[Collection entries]
━━━
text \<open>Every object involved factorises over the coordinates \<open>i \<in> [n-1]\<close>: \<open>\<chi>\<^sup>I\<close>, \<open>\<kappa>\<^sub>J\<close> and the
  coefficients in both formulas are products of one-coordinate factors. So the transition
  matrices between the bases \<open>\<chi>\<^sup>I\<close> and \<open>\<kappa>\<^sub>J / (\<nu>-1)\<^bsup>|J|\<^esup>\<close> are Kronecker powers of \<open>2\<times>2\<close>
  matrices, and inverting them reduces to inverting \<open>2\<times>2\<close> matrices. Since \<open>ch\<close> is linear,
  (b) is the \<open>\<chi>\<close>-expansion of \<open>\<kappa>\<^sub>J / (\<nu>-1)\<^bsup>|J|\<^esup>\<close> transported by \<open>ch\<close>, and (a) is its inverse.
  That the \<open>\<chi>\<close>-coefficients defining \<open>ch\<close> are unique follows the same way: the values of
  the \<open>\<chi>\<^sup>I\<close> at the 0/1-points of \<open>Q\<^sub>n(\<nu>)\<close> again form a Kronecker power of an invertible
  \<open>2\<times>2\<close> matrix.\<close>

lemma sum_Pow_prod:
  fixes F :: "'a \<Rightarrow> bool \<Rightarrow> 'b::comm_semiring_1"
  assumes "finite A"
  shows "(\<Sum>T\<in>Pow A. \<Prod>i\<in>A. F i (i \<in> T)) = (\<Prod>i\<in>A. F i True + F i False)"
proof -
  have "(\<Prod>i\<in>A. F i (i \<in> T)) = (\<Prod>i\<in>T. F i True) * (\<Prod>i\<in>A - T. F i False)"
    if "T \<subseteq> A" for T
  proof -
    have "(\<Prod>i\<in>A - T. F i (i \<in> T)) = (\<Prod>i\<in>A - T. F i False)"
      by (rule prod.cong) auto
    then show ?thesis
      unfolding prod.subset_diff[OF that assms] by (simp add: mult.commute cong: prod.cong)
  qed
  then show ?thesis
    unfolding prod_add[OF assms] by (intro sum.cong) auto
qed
━━━
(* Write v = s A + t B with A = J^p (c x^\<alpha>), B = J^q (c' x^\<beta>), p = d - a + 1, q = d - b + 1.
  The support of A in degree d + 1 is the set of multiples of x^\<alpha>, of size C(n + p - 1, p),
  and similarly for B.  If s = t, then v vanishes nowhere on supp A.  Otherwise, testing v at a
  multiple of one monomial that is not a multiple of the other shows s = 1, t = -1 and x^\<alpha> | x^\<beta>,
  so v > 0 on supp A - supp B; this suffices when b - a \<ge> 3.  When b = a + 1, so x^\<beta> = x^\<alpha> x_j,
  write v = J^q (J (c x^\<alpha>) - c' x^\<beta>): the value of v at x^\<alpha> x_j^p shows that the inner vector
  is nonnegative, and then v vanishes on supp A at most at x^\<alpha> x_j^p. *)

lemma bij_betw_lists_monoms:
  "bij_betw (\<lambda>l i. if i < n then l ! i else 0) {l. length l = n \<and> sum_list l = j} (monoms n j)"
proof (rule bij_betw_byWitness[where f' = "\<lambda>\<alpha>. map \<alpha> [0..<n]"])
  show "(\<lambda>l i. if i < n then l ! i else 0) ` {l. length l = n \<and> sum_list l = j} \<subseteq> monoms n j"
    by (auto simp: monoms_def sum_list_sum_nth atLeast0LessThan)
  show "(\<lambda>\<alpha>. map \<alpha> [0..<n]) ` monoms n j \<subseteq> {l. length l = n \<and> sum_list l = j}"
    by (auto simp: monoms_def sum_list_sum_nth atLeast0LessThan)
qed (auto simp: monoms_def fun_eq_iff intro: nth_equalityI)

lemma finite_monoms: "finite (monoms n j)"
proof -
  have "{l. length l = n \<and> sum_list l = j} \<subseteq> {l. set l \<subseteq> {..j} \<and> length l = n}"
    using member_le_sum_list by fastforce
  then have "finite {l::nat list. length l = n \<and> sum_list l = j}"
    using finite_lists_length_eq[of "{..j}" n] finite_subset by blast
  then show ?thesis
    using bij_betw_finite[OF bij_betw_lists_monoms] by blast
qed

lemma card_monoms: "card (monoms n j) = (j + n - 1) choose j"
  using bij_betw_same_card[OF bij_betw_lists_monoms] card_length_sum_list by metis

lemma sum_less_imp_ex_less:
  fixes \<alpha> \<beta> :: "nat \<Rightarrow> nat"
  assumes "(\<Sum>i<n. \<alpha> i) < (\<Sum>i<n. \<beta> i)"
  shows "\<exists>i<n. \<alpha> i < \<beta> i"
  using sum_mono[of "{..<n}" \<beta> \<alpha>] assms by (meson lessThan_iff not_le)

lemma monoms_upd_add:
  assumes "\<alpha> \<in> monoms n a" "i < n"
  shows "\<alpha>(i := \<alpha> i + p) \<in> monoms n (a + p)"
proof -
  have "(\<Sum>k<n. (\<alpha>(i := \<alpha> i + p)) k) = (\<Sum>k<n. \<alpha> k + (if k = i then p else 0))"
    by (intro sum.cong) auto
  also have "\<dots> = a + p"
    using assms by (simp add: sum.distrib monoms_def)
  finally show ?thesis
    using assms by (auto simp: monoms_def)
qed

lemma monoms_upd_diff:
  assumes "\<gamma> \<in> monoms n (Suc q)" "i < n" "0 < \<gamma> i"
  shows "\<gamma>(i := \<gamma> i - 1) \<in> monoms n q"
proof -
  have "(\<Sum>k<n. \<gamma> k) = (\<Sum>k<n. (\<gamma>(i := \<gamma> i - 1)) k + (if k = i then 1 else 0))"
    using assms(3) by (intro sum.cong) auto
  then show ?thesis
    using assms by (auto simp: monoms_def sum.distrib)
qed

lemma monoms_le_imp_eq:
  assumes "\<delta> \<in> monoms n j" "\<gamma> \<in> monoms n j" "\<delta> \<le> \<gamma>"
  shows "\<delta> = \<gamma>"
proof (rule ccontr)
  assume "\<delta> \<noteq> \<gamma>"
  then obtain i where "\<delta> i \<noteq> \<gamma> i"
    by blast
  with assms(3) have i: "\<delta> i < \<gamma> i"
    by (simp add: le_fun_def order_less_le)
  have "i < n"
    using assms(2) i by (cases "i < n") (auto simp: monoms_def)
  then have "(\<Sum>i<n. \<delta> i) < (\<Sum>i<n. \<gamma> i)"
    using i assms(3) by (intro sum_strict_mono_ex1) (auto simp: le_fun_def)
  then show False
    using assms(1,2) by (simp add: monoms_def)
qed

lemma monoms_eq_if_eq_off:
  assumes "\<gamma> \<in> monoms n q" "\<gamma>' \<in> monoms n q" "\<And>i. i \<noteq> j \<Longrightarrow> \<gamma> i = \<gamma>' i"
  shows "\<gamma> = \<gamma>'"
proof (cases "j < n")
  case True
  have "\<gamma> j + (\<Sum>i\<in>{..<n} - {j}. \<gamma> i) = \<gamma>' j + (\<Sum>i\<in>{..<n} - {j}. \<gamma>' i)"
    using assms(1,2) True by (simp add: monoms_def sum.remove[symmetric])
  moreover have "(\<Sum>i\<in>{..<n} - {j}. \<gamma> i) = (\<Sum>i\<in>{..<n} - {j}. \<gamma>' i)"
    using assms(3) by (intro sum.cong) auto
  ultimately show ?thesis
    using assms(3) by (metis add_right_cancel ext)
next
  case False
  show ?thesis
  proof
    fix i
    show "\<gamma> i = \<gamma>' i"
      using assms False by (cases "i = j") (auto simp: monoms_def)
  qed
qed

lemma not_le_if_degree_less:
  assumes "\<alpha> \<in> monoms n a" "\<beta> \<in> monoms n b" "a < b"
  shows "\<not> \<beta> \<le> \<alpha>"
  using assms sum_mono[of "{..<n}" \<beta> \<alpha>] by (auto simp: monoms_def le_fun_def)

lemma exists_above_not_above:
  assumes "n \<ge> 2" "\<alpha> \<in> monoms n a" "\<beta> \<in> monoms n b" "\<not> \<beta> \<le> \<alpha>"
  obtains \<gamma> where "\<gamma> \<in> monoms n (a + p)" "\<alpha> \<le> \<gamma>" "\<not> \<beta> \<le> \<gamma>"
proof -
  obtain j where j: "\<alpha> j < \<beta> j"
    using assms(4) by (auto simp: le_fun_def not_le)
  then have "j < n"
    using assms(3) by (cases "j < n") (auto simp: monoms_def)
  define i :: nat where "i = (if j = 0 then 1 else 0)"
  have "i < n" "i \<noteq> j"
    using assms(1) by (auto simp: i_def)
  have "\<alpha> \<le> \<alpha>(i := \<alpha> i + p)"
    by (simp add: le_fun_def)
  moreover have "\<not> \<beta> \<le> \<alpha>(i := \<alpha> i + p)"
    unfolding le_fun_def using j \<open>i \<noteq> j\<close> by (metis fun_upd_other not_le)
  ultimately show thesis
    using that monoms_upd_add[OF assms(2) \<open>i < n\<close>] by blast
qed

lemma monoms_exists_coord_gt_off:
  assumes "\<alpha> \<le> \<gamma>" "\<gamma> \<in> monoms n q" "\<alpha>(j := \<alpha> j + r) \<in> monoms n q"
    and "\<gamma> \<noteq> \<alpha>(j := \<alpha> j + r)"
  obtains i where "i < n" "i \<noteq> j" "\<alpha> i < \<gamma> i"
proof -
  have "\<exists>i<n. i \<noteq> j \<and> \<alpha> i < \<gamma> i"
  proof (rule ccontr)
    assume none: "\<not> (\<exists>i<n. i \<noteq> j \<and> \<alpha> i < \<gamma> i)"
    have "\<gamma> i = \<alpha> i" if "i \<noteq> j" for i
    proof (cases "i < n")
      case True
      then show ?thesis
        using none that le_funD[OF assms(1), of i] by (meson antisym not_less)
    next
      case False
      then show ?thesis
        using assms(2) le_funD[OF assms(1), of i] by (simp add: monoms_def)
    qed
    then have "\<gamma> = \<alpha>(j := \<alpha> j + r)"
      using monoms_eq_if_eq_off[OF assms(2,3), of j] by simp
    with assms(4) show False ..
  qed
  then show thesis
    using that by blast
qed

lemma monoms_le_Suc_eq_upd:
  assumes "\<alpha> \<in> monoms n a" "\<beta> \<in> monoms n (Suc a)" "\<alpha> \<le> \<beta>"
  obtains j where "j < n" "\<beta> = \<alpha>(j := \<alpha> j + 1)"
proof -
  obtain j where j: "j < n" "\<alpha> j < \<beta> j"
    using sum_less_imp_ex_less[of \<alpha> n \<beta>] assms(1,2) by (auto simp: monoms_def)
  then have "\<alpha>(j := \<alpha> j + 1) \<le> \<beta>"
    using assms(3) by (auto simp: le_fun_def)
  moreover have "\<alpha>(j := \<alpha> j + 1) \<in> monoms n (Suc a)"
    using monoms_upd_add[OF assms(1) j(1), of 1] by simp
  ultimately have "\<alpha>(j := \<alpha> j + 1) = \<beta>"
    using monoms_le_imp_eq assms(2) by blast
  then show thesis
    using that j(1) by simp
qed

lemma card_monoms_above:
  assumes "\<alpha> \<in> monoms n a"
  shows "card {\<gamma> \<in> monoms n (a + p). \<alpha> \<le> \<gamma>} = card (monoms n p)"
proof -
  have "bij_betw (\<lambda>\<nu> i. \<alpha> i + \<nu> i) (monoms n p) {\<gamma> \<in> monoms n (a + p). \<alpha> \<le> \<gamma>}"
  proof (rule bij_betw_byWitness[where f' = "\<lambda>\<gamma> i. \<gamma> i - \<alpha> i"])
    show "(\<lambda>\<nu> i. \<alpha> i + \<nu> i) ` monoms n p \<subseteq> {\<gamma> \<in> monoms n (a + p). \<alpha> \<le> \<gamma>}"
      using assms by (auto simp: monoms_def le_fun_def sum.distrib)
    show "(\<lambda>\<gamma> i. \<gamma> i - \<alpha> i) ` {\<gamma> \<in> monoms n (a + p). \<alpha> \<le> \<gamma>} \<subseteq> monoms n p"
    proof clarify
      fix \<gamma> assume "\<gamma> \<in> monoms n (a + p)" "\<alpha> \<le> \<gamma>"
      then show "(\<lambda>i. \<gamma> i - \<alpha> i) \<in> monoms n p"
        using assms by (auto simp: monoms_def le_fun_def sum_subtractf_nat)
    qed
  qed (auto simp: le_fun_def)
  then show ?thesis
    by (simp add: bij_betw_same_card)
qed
━━━
• [TASK INSTRUCTIONS]: Copy the lines above exactly, beginning at the line that has "text \<open>Every object" and stopping after the line that has "matrices, and inverting", and omit the rest.

• [EXERCISE RESPONSE]:
text \<open>Every object involved factorises over the coordinates \<open>i \<in> [n-1]\<close>: \<open>\<chi>\<^sup>I\<close>, \<open>\<kappa>\<^sub>J\<close> and the
  coefficients in both formulas are products of one-coordinate factors. So the transition
  matrices between the bases \<open>\<chi>\<^sup>I\<close> and \<open>\<kappa>\<^sub>J / (\<nu>-1)\<^bsup>|J|\<^esup>\<close> are Kronecker powers of \<open>2\<times>2\<close>
  matrices, and inverting them reduces to inverting \<open>2\<times>2\<close> matrices. Since \<open>ch\<close> is linear,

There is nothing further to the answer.